Wow, do I have a lot to learn here. I have no idea what you just said. :sad:

I don't have, nor do I know how to use a coping sled. I'm afraid your pictures didn't help me much. Where is your router bit? Does the sled slide against the fence? 
:help:

I made a box jig similar to the one Steve Maskery made, but due to the crappy surface of my aluminum Craftsman router table. I had to modify it by adding a piece of hardboard for the sled. It worked, sort of. I still need to make some mods so I can adjust it more precisely. I may end up with something like the Oak Park ones, though I'll probably make my own. Then I wouldn't need the miter channel. 
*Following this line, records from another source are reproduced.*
(* Let $G$ be a connected graph with at least $3$ vertices such that $D(G)$ is an infinite cardinal. Then $D'(G)\le D(G)$.
   Context: Graphs are simple and may be infinite. A colouring (of vertices or edges) is distinguishing if the identity is the only automorphism of $G$ preserving it, where $\gamma$ preserves a vertex colouring $c$ if $c\circ\gamma=c$ and an edge colouring $d$ if $d(\gamma(u)\gamma(v))=d(uv)$ for all edges $uv$. $D(G)$ is the least number (cardinal) of colours in a distinguishing vertex colouring, and $D'(G)$ the least number of colours in a distinguishing edge colouring. *)

theory Defs
  imports Main
begin

definition simple_graph :: "'a set \<Rightarrow> 'a set set \<Rightarrow> bool" where
  "simple_graph V E \<longleftrightarrow> (\<forall>e\<in>E. \<exists>u v. u \<in> V \<and> v \<in> V \<and> u \<noteq> v \<and> e = {u, v})"

definition connected_graph :: "'a set \<Rightarrow> 'a set set \<Rightarrow> bool" where
  "connected_graph V E \<longleftrightarrow>
     (\<forall>u\<in>V. \<forall>v\<in>V. (u, v) \<in> {(x, y). {x, y} \<in> E}\<^sup>*)"

definition automorphism :: "'a set \<Rightarrow> 'a set set \<Rightarrow> ('a \<Rightarrow> 'a) \<Rightarrow> bool" where
  "automorphism V E g \<longleftrightarrow> bij_betw g V V \<and>
     (\<forall>u\<in>V. \<forall>v\<in>V. {u, v} \<in> E \<longleftrightarrow> {g u, g v} \<in> E)"

definition distinguishing_vertex_colouring ::
  "'a set \<Rightarrow> 'a set set \<Rightarrow> ('a \<Rightarrow> 'c) \<Rightarrow> 'c set \<Rightarrow> bool" where
  "distinguishing_vertex_colouring V E c C \<longleftrightarrow> c ` V \<subseteq> C \<and>
     (\<forall>g. automorphism V E g \<and> (\<forall>v\<in>V. c (g v) = c v) \<longrightarrow> (\<forall>v\<in>V. g v = v))"

definition distinguishing_edge_colouring ::
  "'a set \<Rightarrow> 'a set set \<Rightarrow> ('a set \<Rightarrow> 'c) \<Rightarrow> 'c set \<Rightarrow> bool" where
  "distinguishing_edge_colouring V E d C \<longleftrightarrow> d ` E \<subseteq> C \<and>
     (\<forall>g. automorphism V E g \<and> (\<forall>u\<in>V. \<forall>v\<in>V. {u, v} \<in> E \<longrightarrow> d {g u, g v} = d {u, v})
        \<longrightarrow> (\<forall>v\<in>V. g v = v))"

end

theory Submission
  imports Defs
begin

text \<open>Since D(G) is infinite, the colour set C is infinite and C \<times> C is in bijection with C.
  Fix a vertex r with two distinct neighbours and give each edge the pair consisting of the
  colour of its endpoint farther from r and a tag telling whether the edge is incident with r.
  An automorphism preserving this edge colouring maps the edges at r among themselves, so it
  fixes r (if g r \<noteq> r, the images of the edges rp and rq still contain r, forcing
  g p = r = g q for the two neighbours p \<noteq> q of r), hence it preserves
  distances from r and therefore the colour of every vertex: every v \<noteq> r is the far endpoint of
  an edge to a neighbour closer to r. As the vertex colouring is distinguishing, g is the
  identity.\<close>

abbreviation adjacency :: "'a set set \<Rightarrow> ('a \<times> 'a) set" where
  "adjacency E \<equiv> {(x, y). {x, y} \<in> E}"

lemma simple_graph_edgeD:
  assumes "simple_graph V E" "{x, y} \<in> E"
  shows "x \<in> V" "y \<in> V" "x \<noteq> y"
  using assms unfolding simple_graph_def by (auto simp: doubleton_eq_iff)

lemma automorphism_edgeD:
  assumes "automorphism V E g" "u \<in> V" "v \<in> V" "{u, v} \<in> E"
  shows "{g u, g v} \<in> E"
  using assms unfolding automorphism_def by blast

lemma automorphism_inv_into:
  assumes aut: "automorphism V E g"
  shows "automorphism V E (inv_into V g)"
proof -
  have g: "bij_betw g V V" using aut unfolding automorphism_def by simp
  have h: "bij_betw (inv_into V g) V V" using bij_betw_inv_into[OF g] .
  have "{u, v} \<in> E \<longleftrightarrow> {inv_into V g u, inv_into V g v} \<in> E" if "u \<in> V" "v \<in> V" for u v
  proof -
    have "inv_into V g u \<in> V" "inv_into V g v \<in> V" using h that bij_betwE by blast+
    moreover have "g (inv_into V g u) = u" "g (inv_into V g v) = v"
      using that g by (auto simp: bij_betw_def f_inv_into_f)
    ultimately show ?thesis using aut unfolding automorphism_def by metis
  qed
  with h show ?thesis unfolding automorphism_def by blast
qed

lemma automorphism_relpow_adjacency:
  assumes sg: "simple_graph V E" and aut: "automorphism V E g" and "r \<in> V" "g r = r"
  shows "(r, v) \<in> adjacency E ^^ n \<Longrightarrow> (r, g v) \<in> adjacency E ^^ n"
proof (induction n arbitrary: v)
  case 0
  then show ?case using assms by simp
next
  case (Suc n)
  then obtain y where y: "(r, y) \<in> adjacency E ^^ n" "{y, v} \<in> E" by auto
  have "{g y, g v} \<in> E"
    using automorphism_edgeD[OF aut _ _ y(2)] simple_graph_edgeD[OF sg y(2)] by blast
  with Suc.IH[OF y(1)] show ?case by auto
qed

lemma automorphism_relpow_adjacency_iff:
  assumes sg: "simple_graph V E" and aut: "automorphism V E g"
    and r: "r \<in> V" "g r = r" and v: "v \<in> V"
  shows "(r, g v) \<in> adjacency E ^^ n \<longleftrightarrow> (r, v) \<in> adjacency E ^^ n"
proof
  have g: "bij_betw g V V" using aut unfolding automorphism_def by simp
  have "inv_into V g r = r" "inv_into V g (g v) = v"
    using g r v by (metis bij_betw_def inv_into_f_f)+
  then show "(r, v) \<in> adjacency E ^^ n" if "(r, g v) \<in> adjacency E ^^ n"
    using automorphism_relpow_adjacency[OF sg automorphism_inv_into[OF aut] r(1) _ that] by simp
qed (rule automorphism_relpow_adjacency[OF sg aut r])

definition dist_from :: "'a set set \<Rightarrow> 'a \<Rightarrow> 'a \<Rightarrow> nat" where
  "dist_from E r v = (LEAST n. (r, v) \<in> adjacency E ^^ n)"

lemma automorphism_dist_from:
  assumes "simple_graph V E" "automorphism V E g" "r \<in> V" "g r = r" "v \<in> V"
  shows "dist_from E r (g v) = dist_from E r v"
  unfolding dist_from_def using automorphism_relpow_adjacency_iff[OF assms] by simp

lemma connected_graph_closer_neighbour:
  assumes "connected_graph V E" "r \<in> V" "v \<in> V" "v \<noteq> r"
  obtains u where "{u, v} \<in> E" "dist_from E r u < dist_from E r v"
proof -
  have "(r, v) \<in> (adjacency E)\<^sup>*" using assms unfolding connected_graph_def by blast
  then obtain n where "(r, v) \<in> adjacency E ^^ n" using rtrancl_power by blast
  then have rv: "(r, v) \<in> adjacency E ^^ dist_from E r v" unfolding dist_from_def by (rule LeastI)
  then obtain m where m: "dist_from E r v = Suc m" using \<open>v \<noteq> r\<close> by (cases "dist_from E r v") auto
  then obtain u where u: "(r, u) \<in> adjacency E ^^ m" "{u, v} \<in> E" using rv by auto
  have "dist_from E r u \<le> m" unfolding dist_from_def using u(1) by (rule Least_le)
  with m u(2) that show ?thesis by simp
qed

lemma connected_graph_vertex_with_two_neighbours:
  assumes sg: "simple_graph V E" and conn: "connected_graph V E"
    and three: "infinite V \<or> card V \<ge> 3"
  obtains r p q where "r \<in> V" "{r, p} \<in> E" "{r, q} \<in> E" "p \<noteq> q"
proof (rule ccontr)
  assume "\<not> thesis"
  then have deg: "\<And>z u w. z \<in> V \<Longrightarrow> {z, u} \<in> E \<Longrightarrow> {z, w} \<in> E \<Longrightarrow> u = w"
    using that by blast
  obtain S where "S \<subseteq> V" "card S = 3"
    using three by (metis infinite_arbitrarily_large obtain_subset_with_card_n)
  then obtain x1 x2 x3 where x: "x1 \<in> V" "x2 \<in> V" "x3 \<in> V" "x1 \<noteq> x2" "x1 \<noteq> x3" "x2 \<noteq> x3"
    by (auto simp: card_3_iff)
  have star: "z = x1 \<or> {x1, z} \<in> E" if "(x1, z) \<in> (adjacency E)\<^sup>*" for z
    using that
  proof (induction rule: rtrancl_induct)
    case (step y z)
    then have yz: "{y, z} \<in> E" by simp
    show ?case
    proof (cases "y = x1")
      case False
      then have "{y, x1} \<in> E" using step by (simp add: insert_commute)
      then show ?thesis using deg[of y x1 z] yz simple_graph_edgeD[OF sg yz] by blast
    qed (use yz in simp)
  qed simp
  have "x2 = x1 \<or> {x1, x2} \<in> E" "x3 = x1 \<or> {x1, x3} \<in> E"
    using star conn x unfolding connected_graph_def by blast+
  then show False using deg[of x1 x2 x3] x by auto
qed

definition far_endpoint :: "'a set set \<Rightarrow> 'a \<Rightarrow> 'a set \<Rightarrow> 'a" where
  "far_endpoint E r e = (SOME x. x \<in> e \<and> (\<forall>y\<in>e. dist_from E r y \<le> dist_from E r x))"

lemma far_endpoint_mem: "far_endpoint E r {u, v} \<in> {u, v}"
proof -
  have "\<exists>x. x \<in> {u, v} \<and> (\<forall>y\<in>{u, v}. dist_from E r y \<le> dist_from E r x)"
    by (cases "dist_from E r u \<le> dist_from E r v") auto
  then show ?thesis unfolding far_endpoint_def by (rule someI2_ex) blast
qed

lemma far_endpoint_eq:
  assumes "dist_from E r u < dist_from E r v"
  shows "far_endpoint E r {u, v} = v"
  unfolding far_endpoint_def using assms by (intro some_equality) auto

lemma far_endpoint_colour_mem:
  assumes "simple_graph V E" "c ` V \<subseteq> C" "e \<in> E"
  shows "c (far_endpoint E r e) \<in> C"
proof -
  obtain u v where "u \<in> V" "v \<in> V" "e = {u, v}"
    using assms(1,3) unfolding simple_graph_def by blast
  then show ?thesis using far_endpoint_mem[of E r u v] assms(2) by auto
qed

definition lifted_edge_colouring ::
  "('c \<times> 'c \<Rightarrow> 'c) \<Rightarrow> 'c \<Rightarrow> 'c \<Rightarrow> 'a set set \<Rightarrow> 'a \<Rightarrow> ('a \<Rightarrow> 'c) \<Rightarrow> 'a set \<Rightarrow> 'c" where
  "lifted_edge_colouring f a b E r c e = f (c (far_endpoint E r e), if r \<in> e then a else b)"

context
  fixes V :: "'a set" and E :: "'a set set" and C :: "'c set"
    and c :: "'a \<Rightarrow> 'c" and f :: "'c \<times> 'c \<Rightarrow> 'c" and a b :: 'c and r p q :: 'a
  assumes sg: "simple_graph V E" and conn: "connected_graph V E"
    and cV: "c ` V \<subseteq> C"
    and f: "inj_on f (C \<times> C)" "f ` (C \<times> C) \<subseteq> C"
    and ab: "a \<in> C" "b \<in> C" "a \<noteq> b"
    and rpq: "r \<in> V" "{r, p} \<in> E" "{r, q} \<in> E" "p \<noteq> q"
begin

lemma lifted_edge_colouring_range: "lifted_edge_colouring f a b E r c ` E \<subseteq> C"
  using far_endpoint_colour_mem[OF sg cV] f(2) ab unfolding lifted_edge_colouring_def by auto

lemma lifted_edge_colouring_eqD:
  assumes "e \<in> E" "e' \<in> E"
    "lifted_edge_colouring f a b E r c e = lifted_edge_colouring f a b E r c e'"
  shows "c (far_endpoint E r e) = c (far_endpoint E r e')" "r \<in> e \<longleftrightarrow> r \<in> e'"
proof -
  have "(c (far_endpoint E r e), if r \<in> e then a else b)
      = (c (far_endpoint E r e'), if r \<in> e' then a else b)"
  proof (rule inj_onD[OF f(1)])
    show "f (c (far_endpoint E r e), if r \<in> e then a else b)
        = f (c (far_endpoint E r e'), if r \<in> e' then a else b)"
      using assms(3) unfolding lifted_edge_colouring_def .
  qed (use assms(1,2) far_endpoint_colour_mem[OF sg cV] ab in auto)
  then show "c (far_endpoint E r e) = c (far_endpoint E r e')" "r \<in> e \<longleftrightarrow> r \<in> e'"
    using ab(3) by (auto split: if_splits)
qed

context
  fixes g :: "'a \<Rightarrow> 'a"
  assumes aut: "automorphism V E g"
    and pres: "\<forall>u\<in>V. \<forall>v\<in>V. {u, v} \<in> E \<longrightarrow>
      lifted_edge_colouring f a b E r c {g u, g v} = lifted_edge_colouring f a b E r c {u, v}"
begin

private lemma preserves_edgeD:
  assumes "{u, v} \<in> E"
  shows "c (far_endpoint E r {g u, g v}) = c (far_endpoint E r {u, v})"
    and "r \<in> {g u, g v} \<longleftrightarrow> r \<in> {u, v}"
proof -
  have "u \<in> V" "v \<in> V" using simple_graph_edgeD[OF sg assms] by auto
  then have "{g u, g v} \<in> E"
    "lifted_edge_colouring f a b E r c {g u, g v} = lifted_edge_colouring f a b E r c {u, v}"
    using automorphism_edgeD[OF aut _ _ assms] pres assms by auto
  then show "c (far_endpoint E r {g u, g v}) = c (far_endpoint E r {u, v})"
    and "r \<in> {g u, g v} \<longleftrightarrow> r \<in> {u, v}"
    using lifted_edge_colouring_eqD[OF _ assms] by blast+
qed

lemma lifted_edge_colouring_fixes_root: "g r = r"
proof (rule ccontr)
  assume "g r \<noteq> r"
  then have "g p = r" "g q = r"
    using preserves_edgeD(2)[OF rpq(2)] preserves_edgeD(2)[OF rpq(3)] by auto
  moreover have "p \<in> V" "q \<in> V" using simple_graph_edgeD[OF sg] rpq by blast+
  ultimately show False
    using aut rpq(4) unfolding automorphism_def bij_betw_def inj_on_def by metis
qed

lemma lifted_edge_colouring_preserves_vertex_colours:
  assumes v: "v \<in> V"
  shows "c (g v) = c v"
proof (cases "v = r")
  case False
  then obtain u where u: "{u, v} \<in> E" "dist_from E r u < dist_from E r v"
    using connected_graph_closer_neighbour[OF conn rpq(1) v] by blast
  have uV: "u \<in> V" using simple_graph_edgeD[OF sg u(1)] by simp
  have "dist_from E r (g u) < dist_from E r (g v)"
    using u(2) automorphism_dist_from[OF sg aut rpq(1) lifted_edge_colouring_fixes_root] uV v
    by simp
  then show ?thesis using preserves_edgeD(1)[OF u(1)] far_endpoint_eq u(2) by metis
qed (simp add: lifted_edge_colouring_fixes_root)

end

lemma lifted_edge_colouring_distinguishing:
  assumes c: "distinguishing_vertex_colouring V E c C"
  shows "distinguishing_edge_colouring V E (lifted_edge_colouring f a b E r c) C"
  unfolding distinguishing_edge_colouring_def
proof (intro conjI allI impI)
  fix g assume "automorphism V E g \<and> (\<forall>u\<in>V. \<forall>v\<in>V. {u, v} \<in> E \<longrightarrow>
      lifted_edge_colouring f a b E r c {g u, g v} = lifted_edge_colouring f a b E r c {u, v})"
  then have "automorphism V E g" "\<forall>v\<in>V. c (g v) = c v"
    using lifted_edge_colouring_preserves_vertex_colours by auto
  then show "\<forall>v\<in>V. g v = v" using c unfolding distinguishing_vertex_colouring_def by blast
qed (rule lifted_edge_colouring_range)

end

theorem mainTheorem7:
  fixes V :: "'a set" and E :: "'a set set"
  assumes "simple_graph V E"
    and "connected_graph V E"
    and "infinite V \<or> card V \<ge> 3"
    and "\<forall>(C :: 'c set) c. finite C \<longrightarrow> \<not> distinguishing_vertex_colouring V E c C"
  shows "\<forall>(C :: 'c set). (\<exists>c. distinguishing_vertex_colouring V E c C) \<longrightarrow>
           (\<exists>d. distinguishing_edge_colouring V E d C)"
proof (intro allI impI)
  fix C :: "'c set"
  assume "\<exists>c. distinguishing_vertex_colouring V E c C"
  then obtain c where c: "distinguishing_vertex_colouring V E c C" by blast
  then have cV: "c ` V \<subseteq> C" unfolding distinguishing_vertex_colouring_def by simp
  have "infinite C" using assms(4) c by blast
  then obtain f where "bij_betw f (C \<times> C) C"
    using card_of_Times_same_infinite card_of_ordIso by blast
  then have f: "inj_on f (C \<times> C)" "f ` (C \<times> C) \<subseteq> C" unfolding bij_betw_def by simp_all
  obtain a b where ab: "a \<in> C" "b \<in> C" "a \<noteq> b"
  proof -
    obtain a where "a \<in> C" using infinite_imp_nonempty[OF \<open>infinite C\<close>] by blast
    moreover obtain b where "b \<in> C - {a}"
      using infinite_imp_nonempty[OF infinite_remove[OF \<open>infinite C\<close>]] by blast
    ultimately show thesis using that by blast
  qed
  obtain r p q where rpq: "r \<in> V" "{r, p} \<in> E" "{r, q} \<in> E" "p \<noteq> q"
    using connected_graph_vertex_with_two_neighbours[OF assms(1-3)] .
  show "\<exists>d. distinguishing_edge_colouring V E d C"
    using lifted_edge_colouring_distinguishing[OF assms(1,2) cV f ab rpq c] by blast
qed

end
Thanks, guys. Keep the suggestions coming.


----------



## Mike Wingate (Apr 26, 2009)

In a cast iron table, yes. In a wood composite table, no. The mitre groove will weaken the table and may cause it to distort.


----------



## Tempest (Jan 7, 2011)

Mike Wingate said:


> In a cast iron table, yes. In a wood composite table, no. The mitre groove will weaken the table and may cause it to distort.


I generally agree with this depending on how thick the top is and how well it is braced from the bottom.

I have a phenolic top (3/4" thick) without a miter channel and it is kind of a pain not to have something to easily attach feather boards to.


----------



## Cassandra (Mar 15, 2006)

Hi Russ:

Welcome to the Router Forums!

A miter track is purely optional and a matter of personal choice. Some like the facility of using a miter track. Others (like me) don't have them and do okay without them. One can easily do the same tasks, albeit maybe slightly differently, without the miter track.

Cassandra


----------



## dwall174 (Feb 15, 2010)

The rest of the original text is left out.